* **AIM OF THE EXERCISE**
Whenever a line contains the string "noteq", copy it out of the entries.

* **RECORDS PROVIDED**
lemma eval_op_append: "eval_op op ws = Some u \<Longrightarrow> eval_op op (ws @ w) = Some u"
  by (cases op) (auto simp: getv_def nth_append split: if_splits)

definition den_val :: "'f::one list \<Rightarrow> nat option \<Rightarrow> 'f" where
  "den_val ws d = (case d of None \<Rightarrow> 1 | Some k \<Rightarrow> ws ! k)"

lemma den_val_append:
  "pred_option (\<lambda>k. k < length ws) d \<Longrightarrow> den_val (ws @ w) d = den_val ws d"
  by (cases d) (auto simp: den_val_def nth_append)

definition represents :: "'f::field list \<Rightarrow> nat \<times> nat option \<Rightarrow> 'f \<Rightarrow> bool" where
  "represents ws e v \<longleftrightarrow> fst e < length ws \<and> pred_option (\<lambda>k. k < length ws) (snd e)
     \<and> den_val ws (snd e) \<noteq> 0 \<and> v = ws ! fst e / den_val ws (snd e)"

lemma represents_append: "represents ws e v \<Longrightarrow> represents (ws @ w) e v"
  by (auto simp: represents_def den_val_append nth_append elim: option.pred_mono_strong)

lemma represents_eq_iff:
  "represents ws e v \<Longrightarrow> represents ws e' v' \<Longrightarrow>
     v = v' \<longleftrightarrow> ws ! fst e * den_val ws (snd e') = ws ! fst e' * den_val ws (snd e)"
  by (auto simp: represents_def field_simps)

fun mul_den_op :: "nat \<Rightarrow> nat option \<Rightarrow> 'f::one cop" where
  "mul_den_op a None = OScale 1 a"
| "mul_den_op a (Some d) = OMul a d"

fun den_prod_op :: "nat option \<Rightarrow> nat option \<Rightarrow> 'f::one cop" where
  "den_prod_op None None = OConst 1"
| "den_prod_op None (Some d) = OScale 1 d"
| "den_prod_op (Some b) d = mul_den_op b d"

lemma eval_mul_den_op:
  "a < length ws \<Longrightarrow> pred_option (\<lambda>k. k < length ws) d \<Longrightarrow>
     eval_op (mul_den_op a d) ws = Some (ws ! a * den_val ws d)"
  by (cases d) (auto simp: getv_def den_val_def)

lemma eval_den_prod_op:
  "pred_option (\<lambda>k. k < length ws) b \<Longrightarrow> pred_option (\<lambda>k. k < length ws) d \<Longrightarrow>
     eval_op (den_prod_op b d) ws = Some (den_val ws b * den_val ws d)"
  by (cases b; cases d) (auto simp: getv_def den_val_def)

definition cross_code :: "nat \<times> nat option \<Rightarrow> nat \<times> nat option \<Rightarrow> 'f::one cop list" where
  "cross_code e e' = [mul_den_op (fst e) (snd e'), mul_den_op (fst e') (snd e)]"

lemma exec_cross_code:
  assumes "represents ws e v" and "represents ws e' v'"
  shows "exec (cross_code e e') ws =
    Some (ws @ [ws ! fst e * den_val ws (snd e'), ws ! fst e' * den_val ws (snd e)])"
proof -
  have "eval_op (mul_den_op (fst e) (snd e')) ws = Some (ws ! fst e * den_val ws (snd e'))"
    and "eval_op (mul_den_op (fst e') (snd e)) ws = Some (ws ! fst e' * den_val ws (snd e))"
    using assms by (simp_all add: represents_def eval_mul_den_op)
  then show ?thesis
    by (simp add: cross_code_def eval_op_append)
qed

text \<open>\<open>frac_code E n op\<close> is the division-free code for \<open>op\<close> together with the fraction
entry of its result, where \<open>n\<close> values have been computed so far and \<open>E ! i\<close> is the entry of
the \<open>i\<close>-th value of T. Out-of-range operands yield junk entries, which is harmless because the
simulated node is then undefined.\<close>

fun frac_code :: "(nat \<times> nat option) list \<Rightarrow> nat \<Rightarrow> 'f::one cop \<Rightarrow> 'f cop list \<times> (nat \<times> nat option)"
  where
  "frac_code E n (OConst c) = ([OConst c], (n, None))"
| "frac_code E n (OScale c i) = ([OScale c (fst (E ! i))], (n, snd (E ! i)))"
| "frac_code E n (OAdd i j) =
     (cross_code (E ! i) (E ! j) @ [OAdd n (Suc n), den_prod_op (snd (E ! i)) (snd (E ! j))],
      (n + 2, Some (n + 3)))"
| "frac_code E n (OSub i j) =
     (cross_code (E ! i) (E ! j) @ [OSub n (Suc n), den_prod_op (snd (E ! i)) (snd (E ! j))],
      (n + 2, Some (n + 3)))"
| "frac_code E n (OMul i j) =
     ([OMul (fst (E ! i)) (fst (E ! j)), den_prod_op (snd (E ! i)) (snd (E ! j))], (n, Some (Suc n)))"
| "frac_code E n (ODiv i j) = (cross_code (E ! i) (E ! j), (n, Some (Suc n)))"

fun computes :: "'f::field cop list \<times> (nat \<times> nat option) \<Rightarrow> 'f list \<Rightarrow> 'f \<Rightarrow> bool" where
  "computes (code, e) ws u \<longleftrightarrow> (\<exists>ws'. exec code ws = Some ws' \<and> represents ws' e u)"

lemma computes_frac_code_scale:
  assumes v: "represents ws (E ! i) v"
  shows "computes (frac_code E (length ws) (OScale c i)) ws (c * v)"
proof -
  define x where "x = c * ws ! fst (E ! i)"
  have "exec (fst (frac_code E (length ws) (OScale c i))) ws = Some (ws @ [x])"
    using v by (simp add: represents_def getv_def x_def)
  moreover have "represents (ws @ [x]) (snd (frac_code E (length ws) (OScale c i))) (c * v)"
    using v represents_append[OF v, of "[x]"] by (simp add: represents_def nth_append x_def)
  ultimately show ?thesis
    by (metis computes.simps prod.collapse)
qed

lemma computes_frac_code_add:
  assumes v: "represents ws (E ! i) v" and v': "represents ws (E ! j) v'"
  shows "computes (frac_code E (length ws) (OAdd i j)) ws (v + v')"
proof -
  define x y z where "x = ws ! fst (E ! i) * den_val ws (snd (E ! j))"
    and "y = ws ! fst (E ! j) * den_val ws (snd (E ! i))"
    and "z = den_val ws (snd (E ! i)) * den_val ws (snd (E ! j))"
  have z: "eval_op (den_prod_op (snd (E ! i)) (snd (E ! j))) ws = Some z"
    using v v' by (simp add: represents_def eval_den_prod_op z_def)
  have "exec (fst (frac_code E (length ws) (OAdd i j))) ws = Some (ws @ [x, y, x + y, z])"
    using exec_cross_code[OF v v'] eval_op_append[OF z]
    by (simp add: exec_append x_def y_def getv_def nth_append)
  moreover have
    "represents (ws @ [x, y, x + y, z]) (snd (frac_code E (length ws) (OAdd i j))) (v + v')"
    using v v' by (simp add: represents_def den_val_def nth_append x_def y_def z_def field_simps)
  ultimately show ?thesis
    by (metis computes.simps prod.collapse)
qed

lemma computes_frac_code_sub:
  assumes v: "represents ws (E ! i) v" and v': "represents ws (E ! j) v'"
  shows "computes (frac_code E (length ws) (OSub i j)) ws (v - v')"
proof -
  define x y z where "x = ws ! fst (E ! i) * den_val ws (snd (E ! j))"
    and "y = ws ! fst (E ! j) * den_val ws (snd (E ! i))"
    and "z = den_val ws (snd (E ! i)) * den_val ws (snd (E ! j))"
  have z: "eval_op (den_prod_op (snd (E ! i)) (snd (E ! j))) ws = Some z"
    using v v' by (simp add: represents_def eval_den_prod_op z_def)
  have "exec (fst (frac_code E (length ws) (OSub i j))) ws = Some (ws @ [x, y, x - y, z])"
    using exec_cross_code[OF v v'] eval_op_append[OF z]
    by (simp add: exec_append x_def y_def getv_def nth_append)
  moreover have
    "represents (ws @ [x, y, x - y, z]) (snd (frac_code E (length ws) (OSub i j))) (v - v')"
    using v v' by (simp add: represents_def den_val_def nth_append x_def y_def z_def field_simps)
  ultimately show ?thesis
    by (metis computes.simps prod.collapse)
qed

lemma computes_frac_code_mul:
  assumes v: "represents ws (E ! i) v" and v': "represents ws (E ! j) v'"
  shows "computes (frac_code E (length ws) (OMul i j)) ws (v * v')"
proof -
  define x z where "x = ws ! fst (E ! i) * ws ! fst (E ! j)"
    and "z = den_val ws (snd (E ! i)) * den_val ws (snd (E ! j))"
  have z: "eval_op (den_prod_op (snd (E ! i)) (snd (E ! j))) ws = Some z"
    using v v' by (simp add: represents_def eval_den_prod_op z_def)
  have "exec (fst (frac_code E (length ws) (OMul i j))) ws = Some (ws @ [x, z])"
    using v v' eval_op_append[OF z] by (simp add: x_def getv_def represents_def)
  moreover have "represents (ws @ [x, z]) (snd (frac_code E (length ws) (OMul i j))) (v * v')"
    using v v' by (simp add: represents_def den_val_def nth_append x_def z_def)
  ultimately show ?thesis
    by (metis computes.simps prod.collapse)
qed

lemma computes_frac_code_div:
  assumes v: "represents ws (E ! i) v" and v': "represents ws (E ! j) v'" and "v' \<noteq> 0"
  shows "computes (frac_code E (length ws) (ODiv i j)) ws (v / v')"
proof -
  define x y where "x = ws ! fst (E ! i) * den_val ws (snd (E ! j))"
    and "y = ws ! fst (E ! j) * den_val ws (snd (E ! i))"
  have "exec (fst (frac_code E (length ws) (ODiv i j))) ws = Some (ws @ [x, y])"
    using exec_cross_code[OF v v'] by (simp add: x_def y_def)
  moreover have "represents (ws @ [x, y]) (snd (frac_code E (length ws) (ODiv i j))) (v / v')"
    using v v' \<open>v' \<noteq> 0\<close> by (simp add: represents_def den_val_def nth_append x_def y_def)
  ultimately show ?thesis
    by (metis computes.simps prod.collapse)
qed

lemma computes_frac_code:
  assumes sim: "list_all2 (represents ws) E vs" and u: "eval_op op vs = Some u"
  shows "computes (frac_code E (length ws) op) ws u"
proof -
  have rep: "represents ws (E ! i) (vs ! i)" if "i < length vs" for i
    using sim that by (rule list_all2_nthD2)
  show ?thesis
  proof (cases op)
    case (OConst c)
    then show ?thesis using u by (simp add: represents_def den_val_def)
  next
    case (OScale c i)
    with u have i: "i < length vs" and "u = c * vs ! i"
      by (auto simp: getv_def split: if_splits)
    then show ?thesis
      using computes_frac_code_scale[OF rep[OF i]] by (simp only: OScale)
  next
    case (OAdd i j)
    with u have i: "i < length vs" and j: "j < length vs" and "u = vs ! i + vs ! j"
      by (auto simp: getv_def split: if_splits)
    then show ?thesis
      using computes_frac_code_add[OF rep[OF i] rep[OF j]] by (simp only: OAdd)
  next
    case (OSub i j)
    with u have i: "i < length vs" and j: "j < length vs" and "u = vs ! i - vs ! j"
      by (auto simp: getv_def split: if_splits)
    then show ?thesis
      using computes_frac_code_sub[OF rep[OF i] rep[OF j]] by (simp only: OSub)
  next
    case (OMul i j)
    with u have i: "i < length vs" and j: "j < length vs" and "u = vs ! i * vs ! j"
      by (auto simp: getv_def split: if_splits)
    then show ?thesis
      using computes_frac_code_mul[OF rep[OF i] rep[OF j]] by (simp only: OMul)
  next
    case (ODiv i j)
    with u have i: "i < length vs" and j: "j < length vs" and "vs ! j \<noteq> 0"
      and "u = vs ! i / vs ! j"
      by (auto simp: getv_def split: if_splits)
    then show ?thesis
      using computes_frac_code_div[OF rep[OF i] rep[OF j] \<open>vs ! j \<noteq> 0\<close>] by (simp only: ODiv)
  qed
qed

* **REPLY**
     \<and> den_val ws (snd e) \<noteq> 0 \<and> v = ws ! fst e / den_val ws (snd e)"
  assumes v: "represents ws (E ! i) v" and v': "represents ws (E ! j) v'" and "v' \<noteq> 0"
    using v v' \<open>v' \<noteq> 0\<close> by (simp add: represents_def den_val_def nth_append x_def y_def)
    with u have i: "i < length vs" and j: "j < length vs" and "vs ! j \<noteq> 0"
      using computes_frac_code_div[OF rep[OF i] rep[OF j] \<open>vs ! j \<noteq> 0\<close>] by (simp only: ODiv)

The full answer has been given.